Department of Vascular Surgery, Rijnstate, Arnhem, The Netherlands.
J Endovasc Ther. 2022 Jun;29(3):457-467. doi: 10.1177/15266028211047941. Epub 2021 Sep 27.
The Nellix endovascular aneurysm sealing (EVAS) system has been a topic of discussion. Early results were promising but did not deliver on the long-term and the device has been recalled from the market. This study compares literature for EVAS and conventional endovascular aneurysm repair (EVAR).
A systematic review and analysis was conducted according to the preferred reporting items for systematic reviews and meta-analyses (PRISMA) guidelines. PubMed, Embase, and Cochrane Library were searched and identified the eligible studies. Proportion rates for the outcomes of interest were extracted. Subgroup analyses were performed for EVAS and EVAR.
A total of 12 studies were included (EVAS n = 4, EVAR n = 8) including 10,255 patients (EVAS n = 784, EVAR n = 9441). The longest duration of follow-up was 3.4 years for EVAS and 5.0 years for EVAR studies. Throughout follow-up the overall all-cause mortality rates were 6% for EVAS and 13% for EVAR, and endoleak of any type was described in 10% of EVAS and 17% of EVAR patients. The migration rate >10 mm was 8% for EVAS and 0% for EVAR and aneurysm growth >5 mm was found in 11% of EVAS and 3% of EVAR cases. Total reintervention rate was 13% for EVAS and 7% for EVAR patients. For all analyzed outcome parameters heterogeneity was >50%.
There is a tendency toward lower mortality and overall endoleak rates for EVAS compared to EVAR but with a higher rate of migration, aneurysm growth, and reintervention. Despite lower overall endoleak rates there was a tendency toward less type II and more type I endoleaks after EVAS compared to EVAR. Substantial heterogeneity however limits robust statistical analyses, and is probably caused by significant instructions for use breach in EVAS-treated patients. We call for more high-quality and long-term follow-up studies on both EVAS and EVAR in order to confirm the trends found in this study.
Nellix 血管内动脉瘤密封(EVAS)系统一直是讨论的话题。早期结果很有希望,但没有达到长期效果,该设备已从市场召回。本研究比较了 EVAS 和传统血管内动脉瘤修复(EVAR)的文献。
根据系统评价和荟萃分析的首选报告项目(PRISMA)指南进行系统评价和分析。搜索 PubMed、Embase 和 Cochrane Library,确定合格的研究。提取感兴趣结局的比例率。对 EVAS 和 EVAR 进行亚组分析。

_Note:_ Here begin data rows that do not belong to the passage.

text \<open>The cycles form a finitely generated submodule on which every polynomial operator acts as a
  scalar modulo boundaries, so finitely many cycles span them modulo boundaries.\<close>

lemma kos_homology_findim_if_noetherian:
  assumes N: "noetherian_pmodule s V n y"
  shows "kos_homology_findim s V n y p"
proof -
  let ?C = "kos_chains V n p" and ?Z = "kos_cycles s V n y p" and ?B = "kos_boundaries s V n y p"
  interpret ch: pmod "fscale s" ?C n "\<lambda>i. pointwise (y i)" by (rule pmod_kos_chains)
  have "noetherian_pmodule (fscale s) ?C n (\<lambda>i. pointwise (y i))"
    unfolding kos_chains_supported_in by (rule noetherian_supported_in[OF N]) simp
  then obtain G where G: "set G \<subseteq> ?Z" "?Z \<subseteq> ch.generated {0} G"
    using ch.noetherian_finitely_generated psubmodule_kos_cycles by blast
  define X where "X = set G \<union> ?B"
  have ZC: "?Z \<subseteq> ?C" unfolding kos_cycles_def by auto
  have extend: "ch.extend_by U m \<subseteq> ch.span X" if U: "U \<subseteq> ch.span X" and m: "m \<in> set G" for U m
  proof
    fix v assume "v \<in> ch.extend_by U m"
    then obtain u h where uh: "v = u + h m" "u \<in> U" "h \<in> ch.polyop" by (rule ch.extend_byE)
    obtain c g where cg: "g \<in> ch.ideal_ops" "\<forall>u\<in>?C. h u = fscale s c u + g u"
      using ch.polyop_scalar_plus_ideal_op[OF uh(3)] by blast
    have mZ: "m \<in> ?Z" using m G(1) by blast
    have "g m \<in> ch.span X"
      using chain_ideal_op_cycle_boundary[OF cg(1) mZ] unfolding X_def by (intro ch.span_base) simp
    moreover have "fscale s c m \<in> ch.span X" unfolding X_def using m by (intro ch.span_scale ch.span_base) simp
    moreover have "h m = fscale s c m + g m" using cg(2) mZ ZC by blast
    ultimately have "h m \<in> ch.span X" using ch.span_add by metis
    then show "v \<in> ch.span X" using uh U ch.span_add by blast
  qed
  have generated: "ch.generated U G' \<subseteq> ch.span X" if "U \<subseteq> ch.span X" "set G' \<subseteq> set G" for U G'
    using that
  proof (induct G' arbitrary: U)
    case (Cons m G') then show ?case using extend by simp
  qed simp
  have "?Z \<subseteq> ch.span X" using G(2) generated[of "{0}" G] ch.span_zero by auto
  then show ?thesis unfolding kos_homology_findim_def X_def using G(1) by blast
qed

end

section \<open>The modules M^(r)\<close>

lemma trunc_idx_mono: "r \<le> r' \<Longrightarrow> trunc_idx n r \<subseteq> trunc_idx n r'"
  unfolding trunc_idx_def by auto

lemma trunc_idx_0: "trunc_idx n 0 = {}"
  unfolding trunc_idx_def by simp

lemma zero_in_trunc_idx: "1 \<le> r \<Longrightarrow> (\<lambda>_. 0) \<in> trunc_idx n r"
  unfolding trunc_idx_def by auto

lemma finite_trunc_idx: "finite (trunc_idx n r)"
proof (rule finite_subset)
  show "trunc_idx n r \<subseteq> {f. \<forall>x. (x \<in> {..<n} \<longrightarrow> f x \<in> {..<r}) \<and> (x \<notin> {..<n} \<longrightarrow> f x = 0)}"
  proof
    fix \<alpha> assume a: "\<alpha> \<in> trunc_idx n r"
    have "\<alpha> x < r" if "x < n" for x
      using member_le_sum[of x "{..<n}" \<alpha>] a that unfolding trunc_idx_def by simp
    then show "\<alpha> \<in> {f. \<forall>x. (x \<in> {..<n} \<longrightarrow> f x \<in> {..<r}) \<and> (x \<notin> {..<n} \<longrightarrow> f x = 0)}"
      using a unfolding trunc_idx_def by auto
  qed
  show "finite {f. \<forall>x. (x \<in> {..<n} \<longrightarrow> f x \<in> {..<r}) \<and> (x \<notin> {..<n} \<longrightarrow> f x = (0::nat))}"
    by (rule finite_set_of_finite_funs) auto
qed

definition dec_idx :: "nat \<Rightarrow> (nat \<Rightarrow> nat) \<Rightarrow> (nat \<Rightarrow> nat)" where
  "dec_idx i \<alpha> = \<alpha>(i := \<alpha> i - 1)"

lemma dec_idx_trunc_idx:
  assumes \<alpha>: "\<alpha> \<in> trunc_idx n (Suc r)" and i: "i < n" "1 \<le> \<alpha> i"
  shows "dec_idx i \<alpha> \<in> trunc_idx n r"
proof -
  have "sum \<alpha> {..<n} = \<alpha> i + sum \<alpha> ({..<n} - {i})" using i by (subst sum.remove[of _ i]) auto
  moreover have "sum (dec_idx i \<alpha>) {..<n} = (\<alpha> i - 1) + sum \<alpha> ({..<n} - {i})"
    using i by (subst sum.remove[of _ i]) (auto simp: dec_idx_def intro!: sum.cong)
  ultimately show ?thesis using \<alpha> i unfolding trunc_idx_def by (auto simp: dec_idx_def)
qed

definition top_idx :: "nat \<Rightarrow> nat \<Rightarrow> (nat \<Rightarrow> nat) set" where
  "top_idx n r = trunc_idx n (Suc r) - trunc_idx n r"

lemma finite_top_idx: "finite (top_idx n r)"
  unfolding top_idx_def by (simp add: finite_trunc_idx)

lemma Mr_supported_in: "Mr V n r = supported_in V (trunc_idx n r)"
  unfolding Mr_def supported_in_def by auto

lemma Mr_0: "0 \<in> V \<Longrightarrow> Mr V n 0 = {0}"
  unfolding Mr_def trunc_idx_0 by (auto simp: fun_eq_iff)

lemma xr_apply: "xr y n r i f \<alpha> = (if \<alpha> \<in> trunc_idx n r
    then y i (f \<alpha>) - (if 1 \<le> \<alpha> i then f (dec_idx i \<alpha>) else 0) else 0)"
  unfolding xr_def dec_idx_def by simp

definition trunc_proj :: "nat \<Rightarrow> nat \<Rightarrow> ((nat \<Rightarrow> nat) \<Rightarrow> 'm::zero) \<Rightarrow> ((nat \<Rightarrow> nat) \<Rightarrow> 'm)" where
  "trunc_proj n r f = (\<lambda>\<alpha>. if \<alpha> \<in> trunc_idx n r then f \<alpha> else 0)"

context pmod
begin
(* Let $\rho_{AB}\in M_2(\mathbb{C})\otimes M_d(\mathbb{C})$ be a bipartite state with $\mathrm{rank}(\rho_{AB})=2$. Let $\{P_{a|0}\}_{a=0}^1$ and $\{P_{a|1}\}_{a=0}^1$ be two nontrivial projective measurements on subsystem $A$ which are different up to relabeling, and set $\rho_{a|x}=\mathrm{Tr}_A\big((P_{a|x}\otimes\mathbb{1})\rho_{AB}\big)$. Then: (i) if one of the four operators $\rho_{a|x}$ is zero, then the other three have rank two and are pairwise proportional; (ii) if $x_1\ne x_2$ and $\rho_{0|x_1},\rho_{1|x_1}$ both have rank one, then either $\rho_{0|x_2}$ and $\rho_{1|x_2}$ both have rank two, or all four $\rho_{a|x}$ have rank one and are pairwise proportional.
   Context: A nontrivial projective measurement on $\mathbb{C}^2$ is a pair $\{P_0,P_1\}$ of rank-one orthogonal projections with $P_0+P_1=\mathbb{1}$. Two such measurements $\{P_{a|0}\}_{a=0}^1,\{P_{a|1}\}_{a=0}^1$ are "different up to relabeling" if $P_{0|0}\ne P_{0|1}$ and $P_{0|0}\ne P_{1|1}$. *)

theory Defs
  imports "Jordan_Normal_Form.Matrix" "Jordan_Normal_Form.VS_Connect" "Jordan_Normal_Form.DL_Rank"
    "Jordan_Normal_Form.Schur_Decomposition"
begin

(* Conventions: C^2 (x) C^d is identified with C^(2*d) via the basis index
   (a,b) |-> a*d + b, a < 2, b < d (standard Kronecker ordering). *)

definition mrank :: "complex mat \<Rightarrow> nat" where
  "mrank A = vec_space.rank (dim_row A) A"

definition mtrace :: "complex mat \<Rightarrow> complex" where
  "mtrace A = (\<Sum>i<dim_row A. A $$ (i,i))"

definition psd :: "nat \<Rightarrow> complex mat \<Rightarrow> bool" where
  "psd n A \<longleftrightarrow> A \<in> carrier_mat n n \<and> mat_adjoint A = A \<and>
     (\<forall>v \<in> carrier_vec n. cscalar_prod (A *\<^sub>v v) v \<in> \<real> \<and> 0 \<le> Re (cscalar_prod (A *\<^sub>v v) v))"

definition is_state :: "nat \<Rightarrow> complex mat \<Rightarrow> bool" where
  "is_state n \<rho> \<longleftrightarrow> psd n \<rho> \<and> mtrace \<rho> = 1"
lemma Psi_eq_Psi_upto:
  assumes "in_vars N P"
  shows "Psi A B P = Psi_upto A B N P"
proof -
  have "in_vars (nvars P) P" "nvars P \<le> N"
    using in_vars_nvars[OF assms] by auto
  then have "(\<Sum>i<nvars P. xmul (Suc i) (pdiff i P)) = (\<Sum>i<N. xmul (Suc i) (pdiff i P))"
    by (intro sum.mono_neutral_left) (auto simp: pdiff_eq_0 xmul_zero)
  then show ?thesis
    unfolding Psi_def Psi_upto_def by simp
qed

lemma in_vars_Psi_upto: "in_vars N P \<Longrightarrow> in_vars (Suc N) (Psi_upto A B N P)"
  unfolding Psi_upto_def
  by (intro in_vars_add in_vars_sum in_vars_xmul in_vars_rmul in_vars_pdiff) (auto intro: in_vars_mono)

lemma additive_Psi_upto: "Modules.additive (Psi_upto A B N)"
  by unfold_locales (simp add: Psi_upto_def rmul_add xmul_add pdiff_add sum.distrib add_ac)

lemmas Psi_upto_zero = Modules.additive.zero[OF additive_Psi_upto]
lemmas Psi_upto_sum = Modules.additive.sum[OF additive_Psi_upto]

lemma Psi_upto_smul: "Psi_upto A B N (smul c P) = smul c (Psi_upto A B N P)"
  by (simp add: Psi_upto_def rmul_smul xmul_smul pdiff_smul smul_add smul_sum)

lemma lmul_Psi_upto: "lmul M (Psi_upto A B N P) = Psi_upto A B N (lmul M P)"
  by (simp add: Psi_upto_def lmul_add lmul_sum lmul_rmul lmul_xmul lmul_pdiff)

lemma pdiff_0_Psi_upto:
  "pdiff 0 (Psi_upto A B N P) = Psi_upto A B N (pdiff 0 P) + rmul P B"
  by (simp add: Psi_upto_def pdiff_add pdiff_sum pdiff_xmul rmul_pdiff pdiff_pdiff[of 0] add_ac)

lemma pdiff_Suc_Psi_upto:
  assumes "in_vars N P"
  shows "pdiff (Suc j) (Psi_upto A B N P) = Psi_upto A B N (pdiff (Suc j) P) + pdiff j P"
proof -
  have "(\<Sum>i<N. if j = i then pdiff i P else 0) = pdiff j P"
    using pdiff_eq_0[OF assms, of j] by auto
  then show ?thesis
    by (simp add: Psi_upto_def pdiff_add pdiff_sum pdiff_xmul rmul_pdiff pdiff_pdiff[of "Suc j"]
        sum.distrib add_ac)
qed

lemma Pk_0: "Pk A B 0 = one_poly"
  by (simp add: Pk_def)

lemma Pk_Suc: "Pk A B (Suc k) = Psi A B (Pk A B k)"
  by (simp add: Pk_def)

lemma in_vars_Pk: "in_vars k (Pk A B k)"
  by (induction k) (simp_all add: Pk_0 in_vars_one_poly Pk_Suc Psi_eq_Psi_upto in_vars_Psi_upto)

lemma Pk_Suc_Psi_upto: "Pk A B (Suc k) = Psi_upto A B k (Pk A B k)"
  by (simp add: Pk_Suc Psi_eq_Psi_upto[OF in_vars_Pk])

lemma Psi_upto_lmul_Pk:
  assumes "k \<le> N"
  shows "Psi_upto A B N (lmul M (Pk A B k)) = lmul M (Pk A B (Suc k))"
  by (simp add: lmul_Psi_upto[symmetric] Pk_Suc Psi_eq_Psi_upto[OF in_vars_mono[OF in_vars_Pk assms]])

lemma Psi_sum_smul:
  assumes "\<And>j. j \<in> S \<Longrightarrow> in_vars N (R j)"
  shows "Psi A B (\<Sum>j\<in>S. smul (c j) (R j)) = (\<Sum>j\<in>S. smul (c j) (Psi_upto A B N (R j)))"
proof -
  have "in_vars N (\<Sum>j\<in>S. smul (c j) (R j))"
    using assms by (intro in_vars_sum in_vars_smul)
  then show ?thesis
    by (simp add: Psi_eq_Psi_upto Psi_upto_sum Psi_upto_smul)
qed

section \<open>The polynomials \<open>Q\<^sub>i\<^sup>k\<close>\<close>

lemma Qik_eq_0: "Qik A B 0 k = 0"
  unfolding Qik_def by (rule pdiff_eq_0[OF in_vars_Pk]) simp

lemma in_vars_Qik: "in_vars k (Qik A B i k)"
  unfolding Qik_def by (rule in_vars_pdiff[OF in_vars_Pk])

lemma Qik_Suc_Suc:
  "Qik A B (Suc i) (Suc i + Suc k) = Qik A B (Suc i) (Suc i + k) + Psi A B (Qik A B i (i + Suc k))"
proof -
  let ?P = "Pk A B (Suc i + k)"
  have "Qik A B (Suc i) (Suc i + Suc k) = pdiff (Suc k) (Psi_upto A B (Suc i + k) ?P)"
    by (simp add: Qik_def Pk_Suc_Psi_upto)
  also have "\<dots> = Psi_upto A B (Suc i + k) (pdiff (Suc k) ?P) + pdiff k ?P"
    by (rule pdiff_Suc_Psi_upto[OF in_vars_Pk])
  also have "\<dots> = Psi_upto A B (i + Suc k) (Qik A B i (i + Suc k)) + Qik A B (Suc i) (Suc i + k)"
    by (simp add: Qik_def)
  also have "\<dots> = Psi A B (Qik A B i (i + Suc k)) + Qik A B (Suc i) (Suc i + k)"
    by (simp only: Psi_eq_Psi_upto[OF in_vars_Qik])
  finally show ?thesis
    by (simp add: add.commute)
qed

lemma Qik_Suc_eq_sum:
  "Qik A B (Suc i) (Suc i + k) = Qik A B (Suc i) (Suc i) + (\<Sum>t<k. Psi A B (Qik A B i (i + Suc t)))"
proof (induction k)
  case (Suc k)
  then show ?case
    by (simp only: Qik_Suc_Suc sum.lessThan_Suc add_ac)
qed simp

共纳入 12 项研究(EVAS n=4,EVAR n=8),共纳入 10255 例患者(EVAS n=784,EVAR n=9441)。EVAS 的最长随访时间为 3.4 年,EVAR 的最长随访时间为 5.0 年。在整个随访期间,EVAS 的总全因死亡率为 6%,EVAR 的总全因死亡率为 13%,EVAS 患者中有 10%描述为任何类型的内漏,EVAR 患者中有 17%描述为任何类型的内漏。EVAS 的迁移率>10mm 为 8%,EVAR 为 0%,EVAS 的动脉瘤生长>5mm 为 11%,EVAR 的动脉瘤生长>5mm 为 3%。EVAS 的总再干预率为 13%,EVAR 的总再干预率为 7%。对于所有分析的结局参数,异质性均>50%。
与 EVAR 相比,EVAS 的死亡率和总体内漏率较低,但迁移率、动脉瘤生长率和再干预率较高。尽管总体内漏率较低,但与 EVAR 相比,EVAS 后 II 型内漏倾向于减少,而 I 型内漏倾向于增加。然而,大量的异质性限制了稳健的统计分析,这可能是由于 EVAS 治疗患者的使用说明严重违反造成的。我们呼吁对 EVAS 和 EVAR 进行更多高质量和长期的随访研究,以证实本研究中发现的趋势。